The UN’s International Labour Organisation says the pandemic took a ‘massive’ toll on the global labour market last year with the equivalent of more than a quarter of a billion jobs lost.
The Pfizer jab becomes the first vaccine to get the green light in Australia with doses expected in late February.
France’s Pasteur Institute is abandoning its vaccine project saying the first trials had showed it was ‘less effective than hoped.’
New Zealand’s first case in more than two months has been identified as the South African variant. The woman who had been in Europe tested positive 10 days after completing two weeks in isolation.
Russian social media star Serkey Kosenko is kicked out of Bali and banned from returning for at least six months for holding a party that broke virus rules.
In a report entitled ‘The inequality virus’, Oxfam says the pandemic marks the first time since records began that inequality is rising in virtually every country at the same time.
Austria is among the first European countries to make FFP2 masks mandatory, with medical-grade masks now required for those over 14 on public transport and in shops, hospitals and medical practises.
Chinese president Xi Jinping opens a virtual edition of the World Economic Forum known as Davos, referring to the Swiss ski resort where the annual summit usually takes place.

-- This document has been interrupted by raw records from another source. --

lemma tv_conv_if_uniform_integral_conv:
  assumes unif: "\<And>R \<epsilon>. \<epsilon> > 0 \<Longrightarrow> eventually (\<lambda>n. \<forall>\<phi>. test_function R \<phi> \<longrightarrow>
      \<bar>integral\<^sup>L (\<mu> n) \<phi> - integral\<^sup>L \<mu>_lim \<phi>\<bar> \<le> \<epsilon>) sequentially"
  shows "tv_conv \<mu> \<mu>_lim"
proof (rule tv_convI)
  fix \<epsilon> :: real
  assume "\<epsilon> > 0"
  define e where "e = \<epsilon> / 5"
  have e: "e > 0"
    using \<open>\<epsilon> > 0\<close> by (simp add: e_def)
  obtain L where L_lim: "measure \<mu>_lim {-L..L} \<ge> 1 - e"
    and L_eventually: "eventually (\<lambda>n. measure (\<mu> n) {-L..L} \<ge> 1 - e) sequentially"
    using exists_interval_measure_ge[OF e] .
  show "eventually (\<lambda>n. \<forall>A\<in>sets borel. \<bar>measure (\<mu> n) A - measure \<mu>_lim A\<bar> \<le> \<epsilon>) sequentially"
    using unif[OF e, of "L + 1"] L_eventually
  proof eventually_elim
    case (elim n)
    show ?case
    proof
      fix A :: "real set"
      assume A: "A \<in> sets borel"
      interpret n: real_distribution "\<mu> n"
        by (rule distr)
      let ?A = "A \<inter> {-L..L}"
      obtain \<phi> where \<phi>: "continuous_on UNIV \<phi>" "\<And>x. 0 \<le> \<phi> x \<and> \<phi> x \<le> 1"
        "\<And>x. x \<notin> {-(L + 1)..L + 1} \<Longrightarrow> \<phi> x = 0"
        and approx: "\<bar>measure (\<mu> n) ?A - integral\<^sup>L (\<mu> n) \<phi>\<bar> \<le> e"
          "\<bar>measure \<mu>_lim ?A - integral\<^sup>L \<mu>_lim \<phi>\<bar> \<le> e"
        using exists_continuous_approx_indicator[OF distr distr_lim _ _ e, of ?A L] A by auto
      have "test_function (L + 1) \<phi>"
        using \<phi> by (auto simp: test_function_def abs_le_iff)
      then have "\<bar>integral\<^sup>L (\<mu> n) \<phi> - integral\<^sup>L \<mu>_lim \<phi>\<bar> \<le> e"
        using elim(1) by blast
      moreover have "\<bar>measure (\<mu> n) A - measure (\<mu> n) ?A\<bar> \<le> e"
        using A elim(2) by (intro n.abs_prob_diff_inter_le) auto
      moreover have "\<bar>measure \<mu>_lim A - measure \<mu>_lim ?A\<bar> \<le> e"
        using A L_lim by (intro lim.abs_prob_diff_inter_le) auto
      moreover have "\<epsilon> = 5 * e"
        by (simp add: e_def)
      ultimately show "\<bar>measure (\<mu> n) A - measure \<mu>_lim A\<bar> \<le> \<epsilon>"
        using approx by (simp only: abs_le_iff) linarith
    qed
  qed
qed

end

theorem lemma5:
  fixes \<mu> :: "nat \<Rightarrow> real measure" and \<mu>_lim :: "real measure"
    and B :: "nat \<Rightarrow> real \<Rightarrow> real"
  assumes distr: "\<And>n. n \<ge> 1 \<Longrightarrow> real_distribution (\<mu> n)"
    and distr_lim: "real_distribution \<mu>_lim"
    and weak: "weak_conv_m \<mu> \<mu>_lim"
    and bound: "\<And>\<phi> n \<alpha>. continuous_on UNIV \<phi> \<Longrightarrow>
                 (\<exists>K. compact K \<and> (\<forall>x. x \<notin> K \<longrightarrow> \<phi> x = 0)) \<Longrightarrow>
                 (\<forall>x. \<bar>\<phi> x\<bar> \<le> 1) \<Longrightarrow> n \<ge> 1 \<Longrightarrow> \<alpha> > 0 \<Longrightarrow>
                 \<bar>integral\<^sup>L (\<mu> n) \<phi>\<bar>
                   \<le> (SUP x::real. \<bar>LBINT t=0..ereal x. \<phi> t\<bar>) / \<alpha> + \<bar>B n \<alpha>\<bar>"
    and lim: "((\<lambda>\<alpha>. limsup (\<lambda>n. ereal \<bar>B n \<alpha>\<bar>)) \<longlongrightarrow> 0) (at_right 0)"
  shows "tv_conv \<mu> \<mu>_lim"
proof -
  interpret weak_conv_distributions "\<lambda>n. \<mu> (Suc n)" \<mu>_lim
  proof (rule weak_conv_distributions.intro)
    show "real_distribution (\<mu> (Suc n))" for n
      by (rule distr) simp
    show "weak_conv_m (\<lambda>n. \<mu> (Suc n)) \<mu>_lim"
      using weak unfolding weak_conv_m_def weak_conv_def by (auto intro: LIMSEQ_Suc)
  qed (fact distr_lim)
  have small: "\<exists>\<alpha>>0. eventually (\<lambda>n. \<bar>B (Suc n) \<alpha>\<bar> < e) sequentially" if e: "e > 0" for e
  proof -
    obtain \<alpha> where "\<alpha> > 0" "eventually (\<lambda>n. \<bar>B n \<alpha>\<bar> < e) sequentially"
      using exists_eventually_less_if_limsup_tendsto_0[OF lim e] by blast
    then show ?thesis
      using eventually_sequentially_Suc[of "\<lambda>n. \<bar>B n \<alpha>\<bar> < e"] by auto
  qed
  have "tv_conv (\<lambda>n. \<mu> (Suc n)) \<mu>_lim"
  proof (rule tv_conv_if_uniform_integral_conv[OF eventually_uniform_integral_conv_test_function])
    show "\<bar>integral\<^sup>L (\<mu> (Suc n)) \<phi>\<bar>
        \<le> (SUP x::real. \<bar>LBINT t=0..ereal x. \<phi> t\<bar>) / \<alpha> + \<bar>B (Suc n) \<alpha>\<bar>"
      if "continuous_on UNIV \<phi>" "\<exists>K. compact K \<and> (\<forall>x. x \<notin> K \<longrightarrow> \<phi> x = 0)"
        "\<forall>x. \<bar>\<phi> x\<bar> \<le> 1" "\<alpha> > 0" for \<phi> n \<alpha>
      using bound[OF that(1-3) _ that(4)] by simp
  qed (use small in auto)
  then show ?thesis
    unfolding tv_conv_def by (rule LIMSEQ_imp_Suc)
qed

Following the virtual session which runs till Friday, Davos will move in May to Singapore for health and safety reasons, as the city-state has recorded just 29 Covid-19 deaths.
Hong Kong lifts its first neighbourhood lockdown after officials who went door to door to test some 7,000 people found just 13 cases.
A major clinical trial in Canada shows an inexpensive anti-inflammatory drug called colchicine can reduce the risk of complications and death from the virus.